As the seven members of the Piano Factory’s board will tell you, self-management saves the co-op money, but it’s not always a walk in the park. For one thing, there is no buffer zone between the board and the residents. “There are some neighbors who don’t like me and don’t talk to me because of things I have had to do as board president,” explains the hands-on board president, Bruce Horowytz. “If we had a management company, then it would be easy to say, ‘Oh, the management company wanted to do that.’”
On a more practical note, being self-managed also means never getting to say you’re too busy. You have to make time, which can be onerous when you’re taking on a big project.
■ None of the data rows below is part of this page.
lemma openin_tau_p_imp_openin_tau_partial:
  assumes "openin (tau_p :: ('a::linorder_topology \<Rightarrow> 'a) topology) U"
  shows "openin tau_partial U"
proof -
  let ?discrete = "product_topology (\<lambda>_. discrete_topology UNIV) (UNIV :: 'a set)"
  obtain V where V: "openin (product_topology (\<lambda>_. euclidean) UNIV) V" "U = V \<inter> Aut"
    using assms by (auto simp: tau_p_def openin_subtopology)
  have "continuous_map ?discrete euclidean (\<lambda>x::'a \<Rightarrow> 'a. x k)" for k
    using continuous_map_compose[OF continuous_map_product_projection,
        of k UNIV "\<lambda>_. discrete_topology UNIV" euclidean id]
    by (simp add: o_def)
  then have "continuous_map ?discrete (product_topology (\<lambda>_. euclidean) UNIV) (id :: ('a \<Rightarrow> 'a) \<Rightarrow> _)"
    unfolding continuous_map_componentwise_UNIV by simp
  then have "openin ?discrete {x \<in> topspace ?discrete. id x \<in> V}"
    using V(1) by (rule openin_continuous_map_preimage)
  with V(2) show ?thesis by (auto simp: tau_partial_def openin_subtopology)
qed

lemma openin_tau_p_less_at: "openin (tau_p :: ('a::linorder_topology \<Rightarrow> 'a) topology) {u \<in> Aut. u x < c}"
proof -
  have "openin (product_topology (\<lambda>_. euclidean) UNIV) {u::'a \<Rightarrow> 'a. u x \<in> {..<c}}"
    using openin_continuous_map_preimage[OF continuous_map_product_projection,
        of x UNIV "\<lambda>_. euclidean" "{..<c}"]
    by simp
  then show ?thesis unfolding tau_p_def openin_subtopology by blast
qed

lemma tau_partial_nhd_id_contains_stabilizer:
  assumes "openin (tau_partial :: ('a::linorder \<Rightarrow> 'a) topology) U" and "id \<in> U"
  obtains A where "finite A" and "\<And>g. g \<in> Aut \<Longrightarrow> (\<forall>a\<in>A. g a = a) \<Longrightarrow> g \<in> U"
proof -
  obtain V where V: "openin (product_topology (\<lambda>_. discrete_topology UNIV) UNIV) V" "U = V \<inter> Aut"
    using assms(1) unfolding tau_partial_def openin_subtopology by blast
  with assms(2) have "id \<in> V" by blast
  then obtain W where W: "finite {i \<in> UNIV. W i \<noteq> topspace (discrete_topology (UNIV::'a set))}"
    "id \<in> Pi\<^sub>E UNIV W" "Pi\<^sub>E UNIV W \<subseteq> V"
    using V(1) unfolding openin_product_topology_alt by blast
  show ?thesis
  proof
    show "finite {i. W i \<noteq> UNIV}" using W(1) by simp
    fix g assume g: "g \<in> Aut" "\<forall>a\<in>{i. W i \<noteq> UNIV}. g a = a"
    have "g i \<in> W i" for i
    proof (cases "W i = UNIV")
      case False
      with g(2) have "g i = i" by blast
      with W(2) show ?thesis by (simp add: PiE_iff)
    qed simp
    then have "g \<in> Pi\<^sub>E UNIV W" by (simp add: PiE_UNIV_domain)
    with W(3) V(2) g(1) show "g \<in> U" by blast
  qed
qed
“Finding an engineering or architectural firm, interviewing people, having them report to you, and dealing with contractors is a lot of work and very time-consuming,” says board member Bonnie Reid Berkow, who reports that the board flirted with the idea of hiring an outside management firm recently when it faced a large capital project. “Then we think about it and decide we can do it,” she adds. “This is working and we keep on going as we are.”
A self-managed board tends to rely heavily on its superintendent. “An effective super is a key component to making self-management work,” observes board treasurer Christine Shostack. “Day-to-day interaction with contractors, inspectors, and potential vendors is key to making the building run. Board members have full-time day jobs, so we count on the super to handle the transactions and escalate as needed. When we had [an inefficient] super, this all fell on board members.”
Shostack, as treasurer, files any required documents with the city each year. Bookkeeping is outsourced. “Early on, we had a shareholder doing the bookkeeping,” she says. “Outsourcing ensures privacy and takes care of large clerical tasks like cutting checks, getting maintenance tasks out, banking – all the stuff that is very hard to do when you have a full-time job and you’re trying to juggle that with the co-op.”
Some board members worry that being self-managed could hurt the co-op’s ability to keep up with neighboring buildings in the curb-appeal sweepstakes in gentrifying Hell’s Kitchen. “Apartments are selling for $1.5 million and people want $1.5 million services,” says Shostack. “We never had a doorman. There is some concern that we’re competing against buildings with these services and the prices will reflect that.”
There’s another concern. In the future, self-managed buildings such as this one may face an insurmountable hurdle: The necessary commitment from all shareholders may not be possible.
“The people who are buying the apartments are more often professionals who have less time than those that moved in originally,” Shostack says.